▸ **Your task**
Please count how many lines below contain the word "lambda" and reply with only that number.
───
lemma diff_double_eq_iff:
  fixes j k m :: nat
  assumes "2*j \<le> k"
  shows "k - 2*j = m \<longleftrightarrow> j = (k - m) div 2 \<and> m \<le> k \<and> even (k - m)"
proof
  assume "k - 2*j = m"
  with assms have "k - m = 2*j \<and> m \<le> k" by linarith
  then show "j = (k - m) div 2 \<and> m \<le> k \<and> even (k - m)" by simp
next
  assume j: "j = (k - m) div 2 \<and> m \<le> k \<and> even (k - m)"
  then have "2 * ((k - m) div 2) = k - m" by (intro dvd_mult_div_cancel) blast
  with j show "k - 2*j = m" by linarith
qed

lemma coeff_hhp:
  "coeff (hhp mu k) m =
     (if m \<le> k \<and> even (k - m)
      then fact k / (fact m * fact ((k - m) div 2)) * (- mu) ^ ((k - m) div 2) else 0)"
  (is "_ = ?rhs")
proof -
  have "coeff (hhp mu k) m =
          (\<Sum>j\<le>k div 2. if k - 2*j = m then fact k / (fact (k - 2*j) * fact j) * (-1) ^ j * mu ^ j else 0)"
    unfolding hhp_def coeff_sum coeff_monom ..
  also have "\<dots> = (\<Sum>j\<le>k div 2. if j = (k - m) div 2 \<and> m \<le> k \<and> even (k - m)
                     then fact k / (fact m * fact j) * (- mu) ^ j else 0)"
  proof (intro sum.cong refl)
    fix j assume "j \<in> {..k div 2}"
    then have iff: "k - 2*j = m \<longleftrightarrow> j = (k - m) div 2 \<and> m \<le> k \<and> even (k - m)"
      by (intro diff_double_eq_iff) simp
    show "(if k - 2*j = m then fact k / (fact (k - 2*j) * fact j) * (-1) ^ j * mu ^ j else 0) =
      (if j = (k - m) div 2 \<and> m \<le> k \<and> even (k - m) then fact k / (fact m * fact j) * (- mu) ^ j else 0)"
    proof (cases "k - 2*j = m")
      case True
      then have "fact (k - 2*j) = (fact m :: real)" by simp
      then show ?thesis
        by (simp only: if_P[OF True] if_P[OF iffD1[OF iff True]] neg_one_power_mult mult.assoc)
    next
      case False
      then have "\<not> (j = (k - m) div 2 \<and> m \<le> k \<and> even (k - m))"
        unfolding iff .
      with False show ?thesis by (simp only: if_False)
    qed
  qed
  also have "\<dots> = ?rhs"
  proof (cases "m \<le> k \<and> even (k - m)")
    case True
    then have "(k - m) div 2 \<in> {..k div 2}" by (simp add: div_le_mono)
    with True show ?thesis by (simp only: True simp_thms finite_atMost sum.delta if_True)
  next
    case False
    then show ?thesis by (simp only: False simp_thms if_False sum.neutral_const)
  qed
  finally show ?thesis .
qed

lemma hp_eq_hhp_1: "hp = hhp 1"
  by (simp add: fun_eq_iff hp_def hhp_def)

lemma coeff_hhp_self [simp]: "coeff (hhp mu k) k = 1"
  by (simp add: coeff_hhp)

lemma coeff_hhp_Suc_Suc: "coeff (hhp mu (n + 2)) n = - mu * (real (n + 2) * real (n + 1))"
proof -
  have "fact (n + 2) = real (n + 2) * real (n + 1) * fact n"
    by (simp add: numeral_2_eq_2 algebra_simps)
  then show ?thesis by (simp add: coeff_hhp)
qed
───
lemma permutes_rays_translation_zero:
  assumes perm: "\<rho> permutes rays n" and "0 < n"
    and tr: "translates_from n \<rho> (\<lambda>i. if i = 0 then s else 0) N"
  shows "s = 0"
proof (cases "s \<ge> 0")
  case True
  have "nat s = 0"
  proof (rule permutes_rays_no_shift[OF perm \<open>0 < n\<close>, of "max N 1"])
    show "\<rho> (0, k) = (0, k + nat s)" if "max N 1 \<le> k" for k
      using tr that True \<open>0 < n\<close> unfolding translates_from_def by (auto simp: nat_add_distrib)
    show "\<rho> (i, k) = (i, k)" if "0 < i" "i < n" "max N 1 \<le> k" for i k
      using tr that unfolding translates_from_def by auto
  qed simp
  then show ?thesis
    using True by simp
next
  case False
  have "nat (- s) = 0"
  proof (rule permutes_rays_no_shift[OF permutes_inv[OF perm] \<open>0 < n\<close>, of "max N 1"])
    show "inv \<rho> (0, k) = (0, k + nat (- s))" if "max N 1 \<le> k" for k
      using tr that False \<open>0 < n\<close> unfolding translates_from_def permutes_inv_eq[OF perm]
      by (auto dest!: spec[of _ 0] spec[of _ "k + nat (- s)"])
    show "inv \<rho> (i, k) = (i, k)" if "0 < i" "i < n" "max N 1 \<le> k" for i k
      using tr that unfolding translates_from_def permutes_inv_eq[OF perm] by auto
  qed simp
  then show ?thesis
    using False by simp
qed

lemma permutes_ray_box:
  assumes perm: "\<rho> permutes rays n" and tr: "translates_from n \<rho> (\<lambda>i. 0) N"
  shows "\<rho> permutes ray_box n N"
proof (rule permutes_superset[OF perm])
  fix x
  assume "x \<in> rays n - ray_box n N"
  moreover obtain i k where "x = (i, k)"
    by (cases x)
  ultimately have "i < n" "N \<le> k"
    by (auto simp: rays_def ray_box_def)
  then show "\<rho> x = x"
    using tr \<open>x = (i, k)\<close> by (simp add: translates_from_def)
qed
───
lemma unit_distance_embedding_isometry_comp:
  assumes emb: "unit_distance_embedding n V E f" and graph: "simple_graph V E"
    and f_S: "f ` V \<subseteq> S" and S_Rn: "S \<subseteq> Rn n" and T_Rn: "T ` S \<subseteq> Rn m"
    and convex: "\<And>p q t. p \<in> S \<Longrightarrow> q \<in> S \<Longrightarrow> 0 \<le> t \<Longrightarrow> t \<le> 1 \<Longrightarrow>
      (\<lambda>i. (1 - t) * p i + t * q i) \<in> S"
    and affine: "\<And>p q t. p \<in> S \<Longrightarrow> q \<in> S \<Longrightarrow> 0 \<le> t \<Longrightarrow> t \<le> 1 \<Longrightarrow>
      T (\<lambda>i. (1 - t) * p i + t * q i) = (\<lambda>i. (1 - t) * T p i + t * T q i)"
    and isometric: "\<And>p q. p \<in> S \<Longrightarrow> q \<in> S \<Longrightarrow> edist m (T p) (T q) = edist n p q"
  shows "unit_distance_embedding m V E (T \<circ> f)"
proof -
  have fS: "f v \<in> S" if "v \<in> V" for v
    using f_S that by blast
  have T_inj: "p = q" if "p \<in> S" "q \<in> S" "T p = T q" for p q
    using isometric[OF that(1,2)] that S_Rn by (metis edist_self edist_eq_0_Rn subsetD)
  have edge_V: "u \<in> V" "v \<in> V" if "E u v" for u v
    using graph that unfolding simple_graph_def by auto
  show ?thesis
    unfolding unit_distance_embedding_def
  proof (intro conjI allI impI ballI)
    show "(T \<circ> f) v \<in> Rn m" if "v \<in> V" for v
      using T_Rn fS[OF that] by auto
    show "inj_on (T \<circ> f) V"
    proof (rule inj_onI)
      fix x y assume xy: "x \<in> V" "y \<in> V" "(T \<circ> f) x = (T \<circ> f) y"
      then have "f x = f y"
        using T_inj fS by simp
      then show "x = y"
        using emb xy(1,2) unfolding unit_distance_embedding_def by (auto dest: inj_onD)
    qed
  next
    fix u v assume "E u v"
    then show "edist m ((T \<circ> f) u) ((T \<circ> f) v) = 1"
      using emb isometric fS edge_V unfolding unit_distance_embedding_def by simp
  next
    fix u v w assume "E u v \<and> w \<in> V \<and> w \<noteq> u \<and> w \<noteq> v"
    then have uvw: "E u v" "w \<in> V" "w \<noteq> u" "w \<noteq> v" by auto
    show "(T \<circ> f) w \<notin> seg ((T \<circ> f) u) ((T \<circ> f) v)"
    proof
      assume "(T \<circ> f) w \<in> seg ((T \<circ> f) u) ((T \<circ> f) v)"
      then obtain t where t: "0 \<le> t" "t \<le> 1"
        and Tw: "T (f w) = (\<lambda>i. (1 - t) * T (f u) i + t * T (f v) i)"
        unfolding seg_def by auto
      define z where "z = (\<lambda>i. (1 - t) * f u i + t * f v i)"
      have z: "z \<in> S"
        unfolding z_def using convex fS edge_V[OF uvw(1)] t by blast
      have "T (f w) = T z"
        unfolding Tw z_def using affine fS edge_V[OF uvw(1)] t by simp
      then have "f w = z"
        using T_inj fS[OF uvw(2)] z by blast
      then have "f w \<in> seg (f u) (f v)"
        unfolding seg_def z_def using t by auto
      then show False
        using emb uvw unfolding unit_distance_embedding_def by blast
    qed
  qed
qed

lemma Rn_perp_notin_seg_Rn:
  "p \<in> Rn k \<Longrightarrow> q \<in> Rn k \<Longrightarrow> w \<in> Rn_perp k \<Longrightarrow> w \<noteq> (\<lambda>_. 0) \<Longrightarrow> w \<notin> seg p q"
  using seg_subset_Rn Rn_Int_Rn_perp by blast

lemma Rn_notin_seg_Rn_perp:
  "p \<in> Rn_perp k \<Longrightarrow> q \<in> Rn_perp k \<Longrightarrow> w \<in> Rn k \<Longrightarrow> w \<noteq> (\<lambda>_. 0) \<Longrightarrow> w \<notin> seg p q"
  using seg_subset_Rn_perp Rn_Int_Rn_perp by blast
───
▸ **Output of the task**
8